Farage and Johnson lied to us. Like any normal person, I believe everything anyone says is literally true, which gets confusing watching Lord of the Rings.

I care about our fishing industry. There’s something quintessentially British about dredging up slimy, dead-eyed fish by the millions in freezing sleet. Let’s not lose this magical way of life.

The night before the vote I dreamt I saw a huge Union Jack fluttering in the distance. Admittedly a Dalek Fay Ripley was selling me a glass rabbit hutch so I was distracted, but it was still a sign.

It’s racist that only EU nations had freedom of movement. Now we’re open to immigration from around the world, arriving on Kent beaches in boats.

The NHS desperately needed money. I’ve never voted for Labour who always give the NHS money, but let’s skip over that.

We must never forget our war dead. Do we want the sacrifices of Sharpe’s Rifles to be in vain?

Camembert is clearly off and stinks your fridge out. I wasn’t prepared to let French cheesemongers sell us their substandard products.

We had to get rid of EU red tape. I can’t give any specific example of red tape I found encumbering, because there are so many they make my brain seize up.

I’m not being conscripted into the EU army. It might seem as remote a chance as being sent to fight arachnids on Klendathu, but regardless.

British jobs for British people. Millions of Brits have been denied getting up at 4am to work a shift picking Brussels sprouts before going to their main job.

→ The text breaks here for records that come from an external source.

text \<open>Before any explosion, the next jump time is the earliest next jump of the individual birth
  processes, so some agent changes its level there.\<close>

lemma jump_time_Suc_changes_level:
  assumes A: "1 \<le> A" and pos: "\<forall>j\<in>{1..A}. \<forall>k\<ge>X0 j. 0 < tau (j, k)"
    and before: "\<forall>j\<in>{1..A}. jump_time A X0 tau n < explosion_time (X0 j) (\<lambda>l. tau (j, l))"
  shows "\<exists>j\<in>{1..A}. birth (X0 j) (\<lambda>l. tau (j, l)) (jump_time A X0 tau (Suc n))
                   \<noteq> birth (X0 j) (\<lambda>l. tau (j, l)) (jump_time A X0 tau n)"
proof -
  define t where "t = jump_time A X0 tau n"
  define bj where "bj j = birth (X0 j) (\<lambda>l. tau (j, l))" for j
  define m where "m j = the_enat (bj j t)" for j
  have bm: "bj j t = enat (m j)" if "j \<in> {1..A}" for j
    using birth_finite_before_explosion[OF before[rule_format, OF that]] by (auto simp: m_def bj_def t_def)
  have posj: "\<forall>k\<ge>X0 j. 0 < tau (j, k)" if "j \<in> {1..A}" for j
    using pos that by auto
  note jump = birth_eq_enatD[OF posj bm[unfolded bj_def]]
  define c where "c j = ennreal (\<Sum>l=X0 j..m j. tau (j, l))" for j
  define u where "u = Min (c ` {1..A})"
  have fin: "finite (c ` {1..A})" "c ` {1..A} \<noteq> {}"
    using A by auto
  obtain js where js: "js \<in> {1..A}" "c js = u"
    using Min_in[OF fin] unfolding u_def by auto
  have "t < c j" if "j \<in> {1..A}" for j
    using jump(1) that unfolding c_def by blast
  then have tu: "t < u"
    unfolding u_def using fin by (simp add: Min_gr_iff)
  have ujs: "bj js u \<noteq> bj js t"
    using jump(3)[OF js(1), of u] js bm[OF js(1)] by (simp add: c_def bj_def t_def)
  let ?X = "{t'. t < t' \<and> (\<exists>i\<in>{1..A}. bj i t' \<noteq> bj i t)}"
  have "jump_time A X0 tau (Suc n) = Inf ?X"
    by (simp add: t_def bj_def)
  also have "Inf ?X = u"
  proof (rule antisym)
    show "Inf ?X \<le> u"
      using tu ujs js by (intro Inf_lower) auto
    show "u \<le> Inf ?X"
    proof (rule Inf_greatest)
      fix t' assume "t' \<in> ?X"
      then obtain j where j: "j \<in> {1..A}" "t < t'" "bj j t' \<noteq> bj j t"
        by auto
      have "c j \<le> t'"
      proof (rule ccontr)
        assume "\<not> c j \<le> t'"
        then have "bj j t' = bj j t"
          using jump(2)[of j t'] j bm[OF j(1)] by (simp add: c_def bj_def t_def less_imp_le)
        with j(3) show False ..
      qed
      moreover have "u \<le> c j"
        unfolding u_def using fin j(1) by simp
      ultimately show "u \<le> t'" by simp
    qed
  qed
  finally show ?thesis
    using js ujs by (auto simp: bj_def t_def)
qed

text \<open>If agent \<open>i\<close> never left its initial level, infinitely many jumps would happen before its
  first sojourn time ends; but each jump raises the total level of the \<open>A\<close> agents, which stays
  bounded by the (finite) total level at that time.\<close>

lemma urn_final_neq_initial_if_less_explosion_times:
  assumes i: "i \<in> {1..A}" and pos: "\<forall>j\<in>{1..A}. \<forall>k\<ge>X0 j. 0 < tau (j, k)"
    and less: "\<forall>j\<in>{1..A}. ennreal (tau (i, X0 i)) < explosion_time (X0 j) (\<lambda>l. tau (j, l))"
  shows "urn_final A X0 tau i \<noteq> enat (X0 i)"
proof
  assume "urn_final A X0 tau i = enat (X0 i)"
  then have stay: "\<forall>n. jump_time A X0 tau n < ennreal (tau (i, X0 i))"
    by (simp add: urn_final_eq_initial_iff)
  define s where "s = ennreal (tau (i, X0 i))"
  define jt where "jt = jump_time A X0 tau"
  define lvl where "lvl j t = the_enat (birth (X0 j) (\<lambda>l. tau (j, l)) t)" for j t
  define total where "total t = (\<Sum>j\<in>{1..A}. lvl j t)" for t
  have before: "\<forall>j\<in>{1..A}. jt n < explosion_time (X0 j) (\<lambda>l. tau (j, l))" for n
    using stay less by (auto simp: jt_def intro: less_trans)
  have lvl: "birth (X0 j) (\<lambda>l. tau (j, l)) t = enat (lvl j t)"
    if "j \<in> {1..A}" "t < explosion_time (X0 j) (\<lambda>l. tau (j, l))" for j t
    using birth_finite_before_explosion[OF that(2)] by (auto simp: lvl_def)
  have lvl_mono: "lvl j t \<le> lvl j t'"
    if "j \<in> {1..A}" "t \<le> t'" "t' < explosion_time (X0 j) (\<lambda>l. tau (j, l))" for j t t'
    using birth_mono[OF that(2), of "X0 j" "\<lambda>l. tau (j, l)"] lvl[OF that(1,3)]
      lvl[OF that(1) le_less_trans[OF that(2,3)]] by simp
  have step: "total (jt n) < total (jt (Suc n))" for n
  proof -
    obtain j where j: "j \<in> {1..A}"
      "birth (X0 j) (\<lambda>l. tau (j, l)) (jt (Suc n)) \<noteq> birth (X0 j) (\<lambda>l. tau (j, l)) (jt n)"
      using jump_time_Suc_changes_level[of A X0 tau n] i pos before[of n] unfolding jt_def by auto
    then have "lvl j (jt (Suc n)) \<noteq> lvl j (jt n)"
      using lvl[OF j(1) before[rule_format, OF j(1)]] by metis
    have mono: "lvl j' (jt n) \<le> lvl j' (jt (Suc n))" if "j' \<in> {1..A}" for j'
      using lvl_mono[OF that _ before[rule_format, OF that]] jump_time_le_Suc unfolding jt_def by blast
    with \<open>lvl j (jt (Suc n)) \<noteq> lvl j (jt n)\<close> have "lvl j (jt n) < lvl j (jt (Suc n))"
      using j(1) by (simp add: le_neq_trans)
    then show ?thesis
      unfolding total_def using mono j(1) by (intro sum_strict_mono_ex1) auto
  qed
  have grow: "n \<le> total (jt n)" for n
  proof (induction n)
    case (Suc n)
    with step[of n] show ?case by simp
  qed simp
  have bounded: "total (jt n) \<le> total s" for n
    unfolding total_def
  proof (rule sum_mono)
    fix j assume j: "j \<in> {1..A}"
    show "lvl j (jt n) \<le> lvl j s"
      using lvl_mono[OF j _ less[rule_format, OF j]] stay by (simp add: jt_def s_def less_imp_le)
  qed
  show False
    using grow[of "Suc (total s)"] bounded[of "Suc (total s)"] by simp
qed

lemma card_first_sojourn_le_card_moved:
  fixes \<omega> :: "nat \<times> nat \<Rightarrow> real"
  assumes pos: "\<forall>j\<in>{1..A}. \<forall>k\<ge>X0 j. 0 < \<omega> (j, k)"
    and t: "\<forall>j\<in>{1..A}. ennreal t < explosion_time (X0 j) (\<lambda>l. \<omega> (j, l))"
  shows "card {i\<in>{1..A}. \<omega> (i, X0 i) \<le> t} \<le> card {i\<in>{1..A}. urn_final A X0 \<omega> i \<noteq> enat (X0 i)}"
proof (rule card_mono)
  show "{i\<in>{1..A}. \<omega> (i, X0 i) \<le> t} \<subseteq> {i\<in>{1..A}. urn_final A X0 \<omega> i \<noteq> enat (X0 i)}"
  proof safe
    fix i assume i: "i \<in> {1..A}" "\<omega> (i, X0 i) \<le> t"
    have "\<forall>j\<in>{1..A}. ennreal (\<omega> (i, X0 i)) < explosion_time (X0 j) (\<lambda>l. \<omega> (j, l))"
      using t ennreal_leI[OF i(2)] by (auto intro: le_less_trans)
    then show "urn_final A X0 \<omega> i = enat (X0 i) \<Longrightarrow> False"
      using urn_final_neq_initial_if_less_explosion_times[OF i(1) pos] by blast
  qed
qed simp

lemma card_low_rank_le:
  fixes \<sigma> :: "'a \<Rightarrow> real"
  assumes "finite I"
  shows "card {j\<in>I. card {i\<in>I - {j}. \<sigma> i \<le> \<sigma> j} < K - 1} \<le> K - 1"
proof (cases "{j\<in>I. card {i\<in>I - {j}. \<sigma> i \<le> \<sigma> j} < K - 1} = {}")
  case False
  define J where "J = {j\<in>I. card {i\<in>I - {j}. \<sigma> i \<le> \<sigma> j} < K - 1}"
  have J: "finite J" "\<sigma> ` J \<noteq> {}"
    using assms False by (simp_all add: J_def)
  obtain jm where jm: "jm \<in> J" "\<sigma> jm = Max (\<sigma> ` J)"
    using Max_in[OF finite_imageI[OF J(1)] J(2)] by auto
  have "J - {jm} \<subseteq> {i\<in>I - {jm}. \<sigma> i \<le> \<sigma> jm}"
    using J jm by (auto simp: J_def)
  then have "card (J - {jm}) \<le> card {i\<in>I - {jm}. \<sigma> i \<le> \<sigma> jm}"
    using assms by (intro card_mono) auto
  moreover have "card {i\<in>I - {jm}. \<sigma> i \<le> \<sigma> jm} < K - 1"
    using jm(1) by (simp add: J_def)
  moreover have "card J = card (J - {jm}) + 1"
    using card_Suc_Diff1[OF J(1) jm(1)] by simp
  ultimately show ?thesis
    unfolding J_def[symmetric] by simp
next
  case True
  show ?thesis
    unfolding True by simp
qed

text \<open>All agents whose first sojourn ends before the earliest explosion move. If that explosion
  happens after \<open>s\<close>, these include the \<open>K\<close> agents with first sojourn at most \<open>s\<close>; otherwise the
  exploding agent \<open>j\<close> has both its first two sojourns shorter than \<open>s\<close>, and so do all agents whose
  first sojourn is not longer than that of \<open>j\<close>.\<close>

lemma card_moved_ge:
  fixes \<omega> :: "nat \<times> nat \<Rightarrow> real"
  assumes pos: "\<forall>j\<in>{1..A}. \<forall>k\<ge>X0 j. 0 < \<omega> (j, k)" and K: "1 \<le> K" and s: "0 < s"
    and many_short: "K \<le> card {i\<in>{1..A}. \<omega> (i, X0 i) \<le> s}"
    and no_fast_low_rank: "\<forall>j\<in>{1..A}.
      \<not> (card {i\<in>{1..A} - {j}. \<omega> (i, X0 i) \<le> \<omega> (j, X0 j)} < K - 1 \<and> \<omega> (j, Suc (X0 j)) < s)"
  shows "K \<le> card {i\<in>{1..A}. urn_final A X0 \<omega> i \<noteq> enat (X0 i)}"
proof -
  define E where "E j = explosion_time (X0 j) (\<lambda>l. \<omega> (j, l))" for j
  have "1 \<le> A"
    using many_short K by (cases A) auto
  then have fin: "finite (E ` {1..A})" "E ` {1..A} \<noteq> {}"
    by auto
  obtain js where js: "js \<in> {1..A}" "E js = Min (E ` {1..A})"
    using Min_in[OF fin] by auto
  have below_all: "\<forall>j\<in>{1..A}. ennreal t < E j" if "ennreal t < E js" for t
    using that js(2) fin by (auto intro: less_le_trans)
  show ?thesis
  proof (cases "ennreal s < E js")
    case True
    with many_short show ?thesis
      using card_first_sojourn_le_card_moved[OF pos below_all[OF True, unfolded E_def]] by simp
  next
    case False
    let ?first = "\<omega> (js, X0 js)" and ?second = "\<omega> (js, Suc (X0 js))"
    have pos_js: "0 < ?first" "0 < ?second"
      using pos js(1) by auto
    have "ennreal (\<Sum>l=X0 js..Suc (X0 js). \<omega> (js, l)) \<le> E js"
      unfolding E_def by (rule psum_le_explosion_time)
    then have first_second: "ennreal (?first + ?second) \<le> E js"
      by simp
    also have "\<dots> \<le> ennreal s"
      using False by simp
    finally have "?first + ?second \<le> s"
      using s by simp
    with pos_js have "?second < s"
      by linarith
    then have "\<not> card {i\<in>{1..A} - {js}. \<omega> (i, X0 i) \<le> ?first} < K - 1"
      using no_fast_low_rank js(1) by blast
    then have "K \<le> card {i\<in>{1..A} - {js}. \<omega> (i, X0 i) \<le> ?first} + 1"
      by linarith
    also have "\<dots> = card {i\<in>{1..A}. \<omega> (i, X0 i) \<le> ?first}"
    proof -
      have "{i\<in>{1..A}. \<omega> (i, X0 i) \<le> ?first} = insert js {i\<in>{1..A} - {js}. \<omega> (i, X0 i) \<le> ?first}"
        using js(1) by auto
      then show ?thesis
        by simp
    qed
    also have "\<dots> \<le> card {i\<in>{1..A}. urn_final A X0 \<omega> i \<noteq> enat (X0 i)}"
    proof (rule card_first_sojourn_le_card_moved[OF pos, unfolded E_def[symmetric]], rule below_all)
      have "ennreal ?first < ennreal (?first + ?second)"
        using pos_js by (simp add: ennreal_less_iff)
      with first_second show "ennreal ?first < E js"
        by simp
    qed
    finally show ?thesis .
  qed
qed

section \<open>Counting, Markov bounds and limits\<close>

lemma borel_measurable_pred_le [measurable (raw)]:
  fixes f :: "'a \<Rightarrow> 'b::{second_countable_topology, linorder_topology}"
  shows "f \<in> borel_measurable M \<Longrightarrow> g \<in> borel_measurable M \<Longrightarrow> Measurable.pred M (\<lambda>w. f w \<le> g w)"
  unfolding Measurable.pred_def by (rule borel_measurable_le)

lemma measurable_card_Collect [measurable (raw)]:
  assumes "finite I" and "\<And>i. i \<in> I \<Longrightarrow> Measurable.pred N (P i)"
  shows "(\<lambda>\<omega>. card {i\<in>I. P i \<omega>}) \<in> measurable N (count_space UNIV)"
proof -
  have "card {i\<in>I. P i \<omega>} = (\<Sum>i\<in>I. if P i \<omega> then 1 else 0)" for \<omega>
    using assms(1) by (simp add: sum.If_cases Int_def conj_commute)
  moreover have "(\<lambda>\<omega>. \<Sum>i\<in>I. if P i \<omega> then 1 else 0 :: nat) \<in> measurable N (count_space UNIV)"
    using assms(2) by (intro measurable_sum_nat measurable_If) (auto simp: pred_def)
  ultimately show ?thesis
    by simp
qed

lemma card_ge_if_disjoint_blocks_hit:
  assumes "finite S" and sub: "\<And>r. r < K \<Longrightarrow> block r \<subseteq> S"
    and disj: "\<And>r r' i. i \<in> block r \<Longrightarrow> i \<in> block r' \<Longrightarrow> r = r'"
    and hit: "\<And>r. r < K \<Longrightarrow> \<exists>i\<in>block r. P i"
  shows "K \<le> card {i\<in>S. P i}"
proof -
  obtain g where g: "\<And>r. r < K \<Longrightarrow> g r \<in> block r \<and> P (g r)"
    using hit by metis
  have "inj_on g {..<K}"
    using g disj by (intro inj_onI) (metis lessThan_iff)
  moreover have "g ` {..<K} \<subseteq> {i\<in>S. P i}"
    using g sub by blast
  ultimately show ?thesis
    using card_mono[OF _ \<open>g ` {..<K} \<subseteq> {i\<in>S. P i}\<close>] assms(1) by (simp add: card_image)
qed

lemma (in prob_space) expectation_card:
  assumes "finite I" and S: "\<And>i. i \<in> I \<Longrightarrow> S i \<in> events"
  shows "integrable M (\<lambda>\<omega>. real (card {i\<in>I. \<omega> \<in> S i}))"
    and "expectation (\<lambda>\<omega>. real (card {i\<in>I. \<omega> \<in> S i})) = (\<Sum>i\<in>I. prob (S i))"
proof -
  have card_eq: "real (card {i\<in>I. \<omega> \<in> S i}) = (\<Sum>i\<in>I. indicator (S i) \<omega>)" for \<omega>
    using assms(1) by (simp add: indicator_def sum.If_cases Int_def conj_commute)
  have "integrable M (indicator (S i) :: _ \<Rightarrow> real)" if "i \<in> I" for i
    using S[OF that] by (intro integrable_real_indicator) (auto simp: emeasure_eq_measure)
  then show "integrable M (\<lambda>\<omega>. real (card {i\<in>I. \<omega> \<in> S i}))"
    unfolding card_eq by (intro Bochner_Integration.integrable_sum)
  show "expectation (\<lambda>\<omega>. real (card {i\<in>I. \<omega> \<in> S i})) = (\<Sum>i\<in>I. prob (S i))"
    unfolding card_eq using S
    by (subst Bochner_Integration.integral_sum) (auto intro!: integrable_real_indicator simp: emeasure_eq_measure)
qed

I voted Leave for the young. They go to Europe, enjoy cheap public transport and affordable rent, then come back here and it’s shit. It’s not fair to give them unrealistic expectations.

EU workers were coming here, speaking English and losing their indigenous culture. It would be a cultural tragedy if no one spoke Polish, Estonian or Slovish.

We’re a buccaneering nation and we need to get back to that. By which I mean piracy. Let’s make Atlantic freight terrified of us again.

Someone said I should vote for Brexit on Facebook. And at that point in 2016 Facebook was widely accepted as entirely factual, unlike Gary Lineker’s BBC.

On the day of the referendum Brexit extremists strapped a bomb to me and threatened to detonate it if I didn’t vote Leave. That really happened. It was more common than people realise.

It definitely wasn’t because I’m racist, alright? Put that down on your form. Write ‘not racism’.